— Assigned task —
If a line in the records below contains the word "apply", copy it.

____

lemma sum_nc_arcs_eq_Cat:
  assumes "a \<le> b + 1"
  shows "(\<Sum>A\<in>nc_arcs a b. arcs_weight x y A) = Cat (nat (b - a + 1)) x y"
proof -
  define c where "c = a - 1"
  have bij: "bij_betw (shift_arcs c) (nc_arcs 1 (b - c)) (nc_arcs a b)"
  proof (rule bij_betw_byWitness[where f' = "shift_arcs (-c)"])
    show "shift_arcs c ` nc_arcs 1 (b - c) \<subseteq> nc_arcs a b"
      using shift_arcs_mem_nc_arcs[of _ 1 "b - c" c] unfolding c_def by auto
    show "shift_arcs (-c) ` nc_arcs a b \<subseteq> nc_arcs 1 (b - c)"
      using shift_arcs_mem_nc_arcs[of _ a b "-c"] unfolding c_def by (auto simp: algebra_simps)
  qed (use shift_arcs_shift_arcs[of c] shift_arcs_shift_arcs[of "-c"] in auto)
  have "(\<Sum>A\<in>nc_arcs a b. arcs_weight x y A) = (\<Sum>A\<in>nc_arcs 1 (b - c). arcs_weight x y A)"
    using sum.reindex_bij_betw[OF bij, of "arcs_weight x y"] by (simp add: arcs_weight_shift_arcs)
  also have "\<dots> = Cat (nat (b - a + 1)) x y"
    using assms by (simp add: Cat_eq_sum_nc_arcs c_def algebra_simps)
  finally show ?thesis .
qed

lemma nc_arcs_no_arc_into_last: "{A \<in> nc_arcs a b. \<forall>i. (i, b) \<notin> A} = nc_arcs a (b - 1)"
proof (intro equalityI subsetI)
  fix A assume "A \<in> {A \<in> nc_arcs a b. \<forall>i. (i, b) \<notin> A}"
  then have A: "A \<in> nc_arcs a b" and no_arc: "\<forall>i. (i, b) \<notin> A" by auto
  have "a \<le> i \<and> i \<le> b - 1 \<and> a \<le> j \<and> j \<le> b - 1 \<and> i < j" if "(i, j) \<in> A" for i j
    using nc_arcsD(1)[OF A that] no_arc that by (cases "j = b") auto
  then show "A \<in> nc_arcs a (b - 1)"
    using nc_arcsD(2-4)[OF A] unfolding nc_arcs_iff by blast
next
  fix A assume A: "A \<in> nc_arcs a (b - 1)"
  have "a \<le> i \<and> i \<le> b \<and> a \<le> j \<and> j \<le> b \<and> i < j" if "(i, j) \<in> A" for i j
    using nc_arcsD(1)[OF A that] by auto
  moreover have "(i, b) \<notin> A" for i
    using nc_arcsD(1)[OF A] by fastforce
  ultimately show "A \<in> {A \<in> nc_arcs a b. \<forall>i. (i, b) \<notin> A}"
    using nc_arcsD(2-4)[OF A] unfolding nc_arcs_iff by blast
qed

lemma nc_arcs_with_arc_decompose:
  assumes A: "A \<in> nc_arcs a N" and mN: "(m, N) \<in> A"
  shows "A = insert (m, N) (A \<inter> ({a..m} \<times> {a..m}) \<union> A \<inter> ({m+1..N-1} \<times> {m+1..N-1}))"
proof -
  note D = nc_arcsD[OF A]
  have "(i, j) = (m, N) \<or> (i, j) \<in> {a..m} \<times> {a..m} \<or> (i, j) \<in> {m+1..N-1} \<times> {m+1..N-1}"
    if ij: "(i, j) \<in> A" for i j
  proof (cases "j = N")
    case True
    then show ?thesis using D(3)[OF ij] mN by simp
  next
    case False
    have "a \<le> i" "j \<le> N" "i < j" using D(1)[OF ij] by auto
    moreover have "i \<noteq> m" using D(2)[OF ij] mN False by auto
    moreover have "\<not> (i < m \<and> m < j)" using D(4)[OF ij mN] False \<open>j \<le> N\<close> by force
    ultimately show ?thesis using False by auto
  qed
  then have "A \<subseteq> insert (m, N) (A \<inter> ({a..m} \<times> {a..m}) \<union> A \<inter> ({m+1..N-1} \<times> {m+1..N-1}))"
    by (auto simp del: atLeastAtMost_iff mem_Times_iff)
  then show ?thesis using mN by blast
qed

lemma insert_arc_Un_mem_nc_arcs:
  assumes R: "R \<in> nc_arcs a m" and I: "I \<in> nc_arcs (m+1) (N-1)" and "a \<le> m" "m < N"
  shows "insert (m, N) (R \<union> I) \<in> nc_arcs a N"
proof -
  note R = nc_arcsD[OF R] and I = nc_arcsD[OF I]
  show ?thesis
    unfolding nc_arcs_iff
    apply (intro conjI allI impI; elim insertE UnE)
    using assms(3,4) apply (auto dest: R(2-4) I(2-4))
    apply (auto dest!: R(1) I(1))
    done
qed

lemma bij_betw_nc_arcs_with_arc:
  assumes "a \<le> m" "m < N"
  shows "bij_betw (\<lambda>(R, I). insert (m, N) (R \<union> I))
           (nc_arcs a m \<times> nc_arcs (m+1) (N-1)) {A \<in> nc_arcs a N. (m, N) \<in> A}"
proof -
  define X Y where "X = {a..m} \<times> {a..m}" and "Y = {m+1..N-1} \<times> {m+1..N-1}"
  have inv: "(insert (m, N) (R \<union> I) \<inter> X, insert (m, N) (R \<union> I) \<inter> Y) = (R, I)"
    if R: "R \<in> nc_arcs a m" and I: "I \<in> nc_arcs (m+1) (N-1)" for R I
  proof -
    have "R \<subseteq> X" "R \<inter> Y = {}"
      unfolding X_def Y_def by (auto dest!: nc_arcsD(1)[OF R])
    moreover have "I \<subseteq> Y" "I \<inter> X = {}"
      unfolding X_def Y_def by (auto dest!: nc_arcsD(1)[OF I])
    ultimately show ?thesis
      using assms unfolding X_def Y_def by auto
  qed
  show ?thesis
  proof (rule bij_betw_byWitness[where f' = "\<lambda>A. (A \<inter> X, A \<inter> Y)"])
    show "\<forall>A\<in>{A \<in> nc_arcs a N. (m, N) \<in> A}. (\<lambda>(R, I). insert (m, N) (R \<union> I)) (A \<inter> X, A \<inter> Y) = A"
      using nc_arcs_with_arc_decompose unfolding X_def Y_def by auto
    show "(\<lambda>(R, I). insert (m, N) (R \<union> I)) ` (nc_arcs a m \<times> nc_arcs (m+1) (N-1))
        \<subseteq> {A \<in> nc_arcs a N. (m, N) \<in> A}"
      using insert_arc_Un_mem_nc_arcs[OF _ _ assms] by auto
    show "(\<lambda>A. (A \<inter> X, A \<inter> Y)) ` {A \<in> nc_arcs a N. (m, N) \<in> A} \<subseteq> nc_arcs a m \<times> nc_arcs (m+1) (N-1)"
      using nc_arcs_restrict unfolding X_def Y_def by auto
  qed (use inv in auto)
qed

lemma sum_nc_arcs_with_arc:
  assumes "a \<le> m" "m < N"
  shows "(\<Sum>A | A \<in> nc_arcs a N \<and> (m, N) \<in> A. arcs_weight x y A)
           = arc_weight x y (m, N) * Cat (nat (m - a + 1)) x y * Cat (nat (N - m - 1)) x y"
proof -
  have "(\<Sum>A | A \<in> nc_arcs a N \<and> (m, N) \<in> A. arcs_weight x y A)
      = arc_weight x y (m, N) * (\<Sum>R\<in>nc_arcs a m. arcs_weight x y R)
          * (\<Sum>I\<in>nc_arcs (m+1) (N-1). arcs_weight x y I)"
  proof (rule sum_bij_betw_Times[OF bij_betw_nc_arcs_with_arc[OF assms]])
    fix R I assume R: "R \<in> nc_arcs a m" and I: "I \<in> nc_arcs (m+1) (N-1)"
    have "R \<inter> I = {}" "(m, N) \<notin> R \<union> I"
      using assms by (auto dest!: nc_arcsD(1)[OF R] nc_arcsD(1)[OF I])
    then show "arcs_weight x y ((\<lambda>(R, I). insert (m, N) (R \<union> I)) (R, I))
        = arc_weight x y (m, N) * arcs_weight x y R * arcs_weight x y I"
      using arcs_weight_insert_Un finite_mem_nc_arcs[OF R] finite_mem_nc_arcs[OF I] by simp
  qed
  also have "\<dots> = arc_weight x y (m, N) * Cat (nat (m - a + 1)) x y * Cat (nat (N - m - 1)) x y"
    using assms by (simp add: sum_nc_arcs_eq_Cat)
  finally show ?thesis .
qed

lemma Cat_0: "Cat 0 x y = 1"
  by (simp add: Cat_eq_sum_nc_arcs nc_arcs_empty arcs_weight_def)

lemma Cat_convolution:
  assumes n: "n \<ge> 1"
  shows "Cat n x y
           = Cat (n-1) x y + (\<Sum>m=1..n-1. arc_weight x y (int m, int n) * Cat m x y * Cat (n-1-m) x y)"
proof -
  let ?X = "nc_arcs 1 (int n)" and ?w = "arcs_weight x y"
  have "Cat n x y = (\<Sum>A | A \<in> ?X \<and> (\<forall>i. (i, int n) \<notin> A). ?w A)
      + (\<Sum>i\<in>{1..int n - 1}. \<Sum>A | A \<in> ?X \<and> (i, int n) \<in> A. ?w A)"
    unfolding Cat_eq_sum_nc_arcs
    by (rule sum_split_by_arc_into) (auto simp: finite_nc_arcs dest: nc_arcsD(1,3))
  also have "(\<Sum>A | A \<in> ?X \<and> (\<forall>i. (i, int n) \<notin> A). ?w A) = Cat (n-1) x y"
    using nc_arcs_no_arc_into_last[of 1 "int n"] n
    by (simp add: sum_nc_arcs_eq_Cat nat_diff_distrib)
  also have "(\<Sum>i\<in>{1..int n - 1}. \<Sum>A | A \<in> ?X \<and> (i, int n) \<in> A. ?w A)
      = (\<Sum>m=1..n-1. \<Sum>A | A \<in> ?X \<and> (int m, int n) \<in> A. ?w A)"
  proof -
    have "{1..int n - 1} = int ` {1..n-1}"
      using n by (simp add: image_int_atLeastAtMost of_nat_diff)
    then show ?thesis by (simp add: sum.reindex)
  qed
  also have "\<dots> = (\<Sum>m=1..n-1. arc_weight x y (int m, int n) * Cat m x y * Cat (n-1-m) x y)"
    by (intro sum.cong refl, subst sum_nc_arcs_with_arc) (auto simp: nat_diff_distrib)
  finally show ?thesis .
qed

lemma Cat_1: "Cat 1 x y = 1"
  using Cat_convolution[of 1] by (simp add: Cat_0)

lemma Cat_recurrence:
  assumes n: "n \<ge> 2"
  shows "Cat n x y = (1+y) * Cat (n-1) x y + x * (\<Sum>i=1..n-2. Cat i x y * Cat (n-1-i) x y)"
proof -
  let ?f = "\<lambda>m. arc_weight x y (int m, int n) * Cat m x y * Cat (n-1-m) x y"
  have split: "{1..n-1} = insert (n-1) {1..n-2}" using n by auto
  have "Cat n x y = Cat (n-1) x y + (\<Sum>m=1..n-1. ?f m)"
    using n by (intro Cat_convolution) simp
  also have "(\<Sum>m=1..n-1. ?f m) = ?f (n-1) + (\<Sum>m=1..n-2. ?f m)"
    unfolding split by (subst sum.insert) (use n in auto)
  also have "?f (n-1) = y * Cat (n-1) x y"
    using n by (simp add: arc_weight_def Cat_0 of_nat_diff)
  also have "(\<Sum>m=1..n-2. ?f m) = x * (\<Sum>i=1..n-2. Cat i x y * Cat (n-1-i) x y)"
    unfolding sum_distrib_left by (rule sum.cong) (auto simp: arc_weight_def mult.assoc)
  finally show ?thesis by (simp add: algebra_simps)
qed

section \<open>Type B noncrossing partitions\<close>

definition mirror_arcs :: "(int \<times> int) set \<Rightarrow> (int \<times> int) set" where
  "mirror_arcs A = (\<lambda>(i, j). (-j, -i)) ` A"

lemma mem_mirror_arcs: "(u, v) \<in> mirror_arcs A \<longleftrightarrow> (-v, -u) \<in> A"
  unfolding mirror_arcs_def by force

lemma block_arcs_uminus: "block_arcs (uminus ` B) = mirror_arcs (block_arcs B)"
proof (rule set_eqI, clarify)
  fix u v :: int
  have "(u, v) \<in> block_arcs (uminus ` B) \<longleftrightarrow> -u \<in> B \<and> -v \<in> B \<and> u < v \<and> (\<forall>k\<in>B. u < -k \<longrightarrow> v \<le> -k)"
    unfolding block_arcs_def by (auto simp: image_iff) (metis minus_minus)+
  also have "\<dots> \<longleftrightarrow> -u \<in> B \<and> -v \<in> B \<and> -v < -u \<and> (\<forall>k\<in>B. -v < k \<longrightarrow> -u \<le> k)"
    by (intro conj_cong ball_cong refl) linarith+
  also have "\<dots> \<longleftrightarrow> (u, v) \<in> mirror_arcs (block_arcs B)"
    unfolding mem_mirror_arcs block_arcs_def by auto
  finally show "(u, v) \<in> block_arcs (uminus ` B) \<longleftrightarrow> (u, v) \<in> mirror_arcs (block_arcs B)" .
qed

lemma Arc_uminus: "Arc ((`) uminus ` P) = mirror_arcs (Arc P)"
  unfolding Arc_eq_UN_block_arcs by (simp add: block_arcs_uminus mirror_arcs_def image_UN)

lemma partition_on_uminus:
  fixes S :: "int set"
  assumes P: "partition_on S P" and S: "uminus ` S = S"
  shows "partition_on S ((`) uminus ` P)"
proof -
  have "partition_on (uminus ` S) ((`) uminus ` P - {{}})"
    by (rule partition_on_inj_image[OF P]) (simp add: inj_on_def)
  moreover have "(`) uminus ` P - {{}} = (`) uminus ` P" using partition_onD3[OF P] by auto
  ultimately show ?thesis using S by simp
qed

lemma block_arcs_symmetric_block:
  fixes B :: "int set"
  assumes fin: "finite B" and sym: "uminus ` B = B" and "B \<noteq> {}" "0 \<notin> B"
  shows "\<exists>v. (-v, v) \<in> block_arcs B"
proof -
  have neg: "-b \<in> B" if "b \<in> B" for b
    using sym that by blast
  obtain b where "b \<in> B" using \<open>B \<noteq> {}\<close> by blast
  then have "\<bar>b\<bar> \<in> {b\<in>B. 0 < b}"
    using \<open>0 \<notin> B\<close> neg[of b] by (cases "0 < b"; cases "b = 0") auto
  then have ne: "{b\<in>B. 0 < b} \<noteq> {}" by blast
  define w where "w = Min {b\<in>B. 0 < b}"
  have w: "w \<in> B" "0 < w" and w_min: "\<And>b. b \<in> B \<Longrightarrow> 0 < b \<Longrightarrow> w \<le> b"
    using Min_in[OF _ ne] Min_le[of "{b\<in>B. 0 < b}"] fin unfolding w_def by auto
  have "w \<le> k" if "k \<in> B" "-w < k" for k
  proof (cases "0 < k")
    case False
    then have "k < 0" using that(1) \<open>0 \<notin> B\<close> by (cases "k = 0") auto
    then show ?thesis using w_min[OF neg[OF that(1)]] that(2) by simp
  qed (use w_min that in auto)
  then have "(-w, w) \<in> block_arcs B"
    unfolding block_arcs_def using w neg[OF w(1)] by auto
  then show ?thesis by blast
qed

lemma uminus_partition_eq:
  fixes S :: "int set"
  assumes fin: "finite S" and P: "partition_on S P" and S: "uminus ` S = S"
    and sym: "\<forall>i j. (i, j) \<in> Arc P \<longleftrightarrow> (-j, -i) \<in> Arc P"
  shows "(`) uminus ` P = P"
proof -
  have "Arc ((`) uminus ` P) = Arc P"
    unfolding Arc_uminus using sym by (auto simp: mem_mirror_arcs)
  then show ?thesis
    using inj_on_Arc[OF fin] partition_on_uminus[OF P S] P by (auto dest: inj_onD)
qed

____

— Written answer —
    apply (intro conjI allI impI; elim insertE UnE)
    using assms(3,4) apply (auto dest: R(2-4) I(2-4))
    apply (auto dest!: R(1) I(1))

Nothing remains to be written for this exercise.